- **Stored items**
(* Let $A$ be a nicely essential subring of a ring $S$. Then: (1) If $A$ is prime (respectively, semiprime), then so is $S$; if $A$ is prime (resp. semiprime) and left Goldie, then $S$ is prime (resp. semiprime) and left Goldie. (2) If $S$ is left Goldie, then so is $A$. (3) If $S$ is prime (respectively, semiprime) and left Goldie, then every strongly nicely essential subring of $S$ is prime (respectively, semiprime) and left Goldie.
   Context: A subring $A$ of a ring $S$ (same identity) is a nicely essential subring if for every finite set $E\subseteq S$ of non-zero elements there exists $a\in A$ with $0\neq ax\in A$ for all $x\in E$. It is a strongly nicely essential subring if moreover for every $x\in S$ there exists a left regular element $c$ of $A$ (i.e. $c\in A$ with $\{a\in A: ac=0\}=0$) such that $cx\in A$. A ring is left Goldie if it has finite left uniform dimension and satisfies the ascending chain condition on left annihilators. *)

theory Defs
  imports "HOL-Algebra.Algebra"
begin

text \<open>All rings are associative with identity (HOL-Algebra ring). A subring A of S is
  a subset with subring A S (contains the identity of S); A viewed as a ring is
  S restricted to carrier A.\<close>

definition prime_ring :: "('a, 'b) ring_scheme \<Rightarrow> bool" where
  "prime_ring R \<longleftrightarrow> \<one>\<^bsub>R\<^esub> \<noteq> \<zero>\<^bsub>R\<^esub> \<and>
     (\<forall>a\<in>carrier R. \<forall>b\<in>carrier R.
        (\<forall>r\<in>carrier R. a \<otimes>\<^bsub>R\<^esub> r \<otimes>\<^bsub>R\<^esub> b = \<zero>\<^bsub>R\<^esub>)
        \<longrightarrow> a = \<zero>\<^bsub>R\<^esub> \<or> b = \<zero>\<^bsub>R\<^esub>)"

definition semiprime_ring :: "('a, 'b) ring_scheme \<Rightarrow> bool" where
  "semiprime_ring R \<longleftrightarrow>
     (\<forall>a\<in>carrier R. (\<forall>r\<in>carrier R. a \<otimes>\<^bsub>R\<^esub> r \<otimes>\<^bsub>R\<^esub> a = \<zero>\<^bsub>R\<^esub>)
        \<longrightarrow> a = \<zero>\<^bsub>R\<^esub>)"

definition left_ideal :: "'a set \<Rightarrow> ('a, 'b) ring_scheme \<Rightarrow> bool" where
  "left_ideal I R \<longleftrightarrow> additive_subgroup I R \<and>
     (\<forall>r\<in>carrier R. \<forall>x\<in>I. r \<otimes>\<^bsub>R\<^esub> x \<in> I)"

definition independent_family :: "('a, 'b) ring_scheme \<Rightarrow> nat \<Rightarrow> (nat \<Rightarrow> 'a set) \<Rightarrow> bool" where
  "independent_family R n I \<longleftrightarrow>
     (\<forall>x. (\<forall>i<n. x i \<in> I i) \<and> finsum R x {..<n} = \<zero>\<^bsub>R\<^esub>
        \<longrightarrow> (\<forall>i<n. x i = \<zero>\<^bsub>R\<^esub>))"

definition finite_left_udim :: "('a, 'b) ring_scheme \<Rightarrow> bool" where
  "finite_left_udim R \<longleftrightarrow> (\<exists>N::nat. \<forall>n I.
      (\<forall>i<n. left_ideal (I i) R \<and> I i \<noteq> {\<zero>\<^bsub>R\<^esub>}) \<and> independent_family R n I
      \<longrightarrow> n \<le> N)"

definition left_ann :: "('a, 'b) ring_scheme \<Rightarrow> 'a set \<Rightarrow> 'a set" where
  "left_ann R Y = {r. r \<in> carrier R \<and> (\<forall>y\<in>Y. r \<otimes>\<^bsub>R\<^esub> y = \<zero>\<^bsub>R\<^esub>)}"

definition acc_left_ann :: "('a, 'b) ring_scheme \<Rightarrow> bool" where
  "acc_left_ann R \<longleftrightarrow> (\<forall>f :: nat \<Rightarrow> 'a set.
      (\<forall>n. \<exists>Y. Y \<subseteq> carrier R \<and> f n = left_ann R Y) \<and> (\<forall>n. f n \<subseteq> f (Suc n))
      \<longrightarrow> (\<exists>m. \<forall>n\<ge>m. f n = f m))"

definition left_goldie :: "('a, 'b) ring_scheme \<Rightarrow> bool" where
  "left_goldie R \<longleftrightarrow> finite_left_udim R \<and> acc_left_ann R"

definition nicely_essential :: "'a set \<Rightarrow> ('a, 'b) ring_scheme \<Rightarrow> bool" where
  "nicely_essential A S \<longleftrightarrow> subring A S \<and>
     (\<forall>E. finite E \<and> E \<subseteq> carrier S - {\<zero>\<^bsub>S\<^esub>} \<longrightarrow>
        (\<exists>a\<in>A. \<forall>x\<in>E. a \<otimes>\<^bsub>S\<^esub> x \<noteq> \<zero>\<^bsub>S\<^esub> \<and> a \<otimes>\<^bsub>S\<^esub> x \<in> A))"

definition left_regular_in :: "'a \<Rightarrow> 'a set \<Rightarrow> ('a, 'b) ring_scheme \<Rightarrow> bool" where
  "left_regular_in c A S \<longleftrightarrow> c \<in> A \<and>
     {a. a \<in> A \<and> a \<otimes>\<^bsub>S\<^esub> c = \<zero>\<^bsub>S\<^esub>} = {\<zero>\<^bsub>S\<^esub>}"

definition strongly_nicely_essential :: "'a set \<Rightarrow> ('a, 'b) ring_scheme \<Rightarrow> bool" where
  "strongly_nicely_essential A S \<longleftrightarrow> nicely_essential A S \<and>
     (\<forall>x\<in>carrier S. \<exists>c. left_regular_in c A S \<and> c \<otimes>\<^bsub>S\<^esub> x \<in> A)"

end

theory Submission
  imports Defs
begin

text \<open>Multiplying finitely many nonzero elements of S on the left by one suitable a \<in> A moves
  them into A without killing them. This lifts primeness and semiprimeness from A to S, and it
  transports bounds on the length of direct sums R x 1 + ... + R x n of principal left ideals in
  both directions. The ascending chain condition on left annihilators passes to every subring
  via double annihilators. Upwards it is recovered through nonsingularity: a semiprime ring with
  that chain condition is nonsingular, nonsingularity lifts from A to S, and a nonsingular ring
  of finite uniform dimension satisfies the chain condition. Finally, if B is strongly nicely
  essential in a semiprime left Goldie ring S, then a B b = 0 already forces a S b = 0, so
  primeness and semiprimeness descend to B.\<close>

section \<open>Uniform dimension through principal left ideals\<close>

definition left_independent :: "('a, 'b) ring_scheme \<Rightarrow> nat \<Rightarrow> (nat \<Rightarrow> 'a) \<Rightarrow> bool" where
  "left_independent R n x \<longleftrightarrow>
     (\<forall>s. (\<forall>i<n. s i \<in> carrier R) \<and> finsum R (\<lambda>i. s i \<otimes>\<^bsub>R\<^esub> x i) {..<n} = \<zero>\<^bsub>R\<^esub>
        \<longrightarrow> (\<forall>i<n. s i \<otimes>\<^bsub>R\<^esub> x i = \<zero>\<^bsub>R\<^esub>))"

lemma left_independentD:
  assumes "left_independent R n x" and "\<forall>i<n. s i \<in> carrier R"
    and "finsum R (\<lambda>i. s i \<otimes>\<^bsub>R\<^esub> x i) {..<n} = \<zero>\<^bsub>R\<^esub>" and "i < n"
  shows "s i \<otimes>\<^bsub>R\<^esub> x i = \<zero>\<^bsub>R\<^esub>"
  using assms unfolding left_independent_def by blast

context ring
begin

lemma additive_subgroup_closedI:
  assumes "H \<subseteq> carrier R" "\<zero> \<in> H"
    and "\<And>x y. x \<in> H \<Longrightarrow> y \<in> H \<Longrightarrow> x \<oplus> y \<in> H" and "\<And>x. x \<in> H \<Longrightarrow> \<ominus> x \<in> H"
  shows "additive_subgroup H R"
  by (rule additive_subgroupI, rule add.subgroupI) (use assms in \<open>auto simp: a_inv_def\<close>)

lemma additive_subgroup_finsum_closed:
  assumes H: "additive_subgroup H R" and f: "\<And>i. i \<in> I \<Longrightarrow> f i \<in> H"
  shows "finsum R f I \<in> H"
  using f
proof (induction I rule: infinite_finite_induct)
  case (insert i I)
  have "f \<in> insert i I \<rightarrow> carrier R"
    using insert.prems additive_subgroup.a_subset[OF H] by blast
  with insert show ?case by (simp add: additive_subgroup.a_closed[OF H])
qed (simp_all add: additive_subgroup.zero_closed[OF H])

lemma finsum_lessThan_Suc:
  assumes "\<And>i. i \<le> n \<Longrightarrow> f i \<in> carrier R"
  shows "finsum R f {..<Suc n} = f n \<oplus> finsum R f {..<n}"
  using assms by (simp add: lessThan_Suc Pi_def)

lemma finsum_lessThan_Suc_shift:
  assumes "\<And>i. i \<le> n \<Longrightarrow> f i \<in> carrier R"
  shows "finsum R f {..<Suc n} = f 0 \<oplus> finsum R (\<lambda>i. f (Suc i)) {..<n}"
proof -
  have "finsum R f {..<Suc n} = f 0 \<oplus> finsum R f (Suc ` {..<n})"
    unfolding lessThan_Suc_eq_insert_0 using assms by (subst finsum_insert) auto
  also have "finsum R f (Suc ` {..<n}) = finsum R (\<lambda>i. f (Suc i)) {..<n}"
    using assms by (intro finsum_reindex) auto
  finally show ?thesis .
qed

lemma finsum_subring:
  assumes A: "subring A R" and f: "f \<in> I \<rightarrow> A"
  shows "finsum (R\<lparr>carrier := A\<rparr>) f I = finsum R f I"
proof -
  interpret A: ring "R\<lparr>carrier := A\<rparr>" by (rule subring_is_ring[OF A])
  from f show ?thesis
  proof (induction I rule: infinite_finite_induct)
    case (insert i I)
    then have "f \<in> insert i I \<rightarrow> carrier R" using subringE(1)[OF A] by blast
    with insert show ?case by simp
  qed simp_all
qed

lemma left_ideal_PIdl:
  assumes x: "x \<in> carrier R"
  shows "left_ideal (PIdl x) R"
  unfolding left_ideal_def
proof (intro conjI ballI additive_subgroup_closedI)
  show "PIdl x \<subseteq> carrier R" "\<zero> \<in> PIdl x"
    using x unfolding cgenideal_def by (auto intro!: exI[of _ \<zero>])
next
  fix a b assume "a \<in> PIdl x" "b \<in> PIdl x"
  then obtain s t where "s \<in> carrier R" "t \<in> carrier R" "a = s \<otimes> x" "b = t \<otimes> x"
    unfolding cgenideal_def by blast
  with x show "a \<oplus> b \<in> PIdl x"
    unfolding cgenideal_def by (auto intro!: exI[of _ "s \<oplus> t"] simp: l_distr)
next
  fix a assume "a \<in> PIdl x"
  then obtain s where "s \<in> carrier R" "a = s \<otimes> x" unfolding cgenideal_def by blast
  with x show "\<ominus> a \<in> PIdl x"
    unfolding cgenideal_def by (auto intro!: exI[of _ "\<ominus> s"] simp: l_minus)
next
  fix r a assume "r \<in> carrier R" "a \<in> PIdl x"
  then obtain s where "r \<in> carrier R" "s \<in> carrier R" "a = s \<otimes> x" unfolding cgenideal_def by blast
  with x show "r \<otimes> a \<in> PIdl x"
    unfolding cgenideal_def by (auto intro!: exI[of _ "r \<otimes> s"] simp: m_assoc)
qed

- **EXERCISE PROMPT**
Can you repeat, word for word, every line above from the one containing "both directions. The" down to the one containing "(\<forall>s. (\<forall>i<n. s", including both?

- **ANSWER SPACE**
  both directions. The ascending chain condition on left annihilators passes to every subring
  via double annihilators. Upwards it is recovered through nonsingularity: a semiprime ring with
  that chain condition is nonsingular, nonsingularity lifts from A to S, and a nonsingular ring
  of finite uniform dimension satisfies the chain condition. Finally, if B is strongly nicely
  essential in a semiprime left Goldie ring S, then a B b = 0 already forces a S b = 0, so
  primeness and semiprimeness descend to B.\<close>

section \<open>Uniform dimension through principal left ideals\<close>

definition left_independent :: "('a, 'b) ring_scheme \<Rightarrow> nat \<Rightarrow> (nat \<Rightarrow> 'a) \<Rightarrow> bool" where
  "left_independent R n x \<longleftrightarrow>
     (\<forall>s. (\<forall>i<n. s i \<in> carrier R) \<and> finsum R (\<lambda>i. s i \<otimes>\<^bsub>R\<^esub> x i) {..<n} = \<zero>\<^bsub>R\<^esub>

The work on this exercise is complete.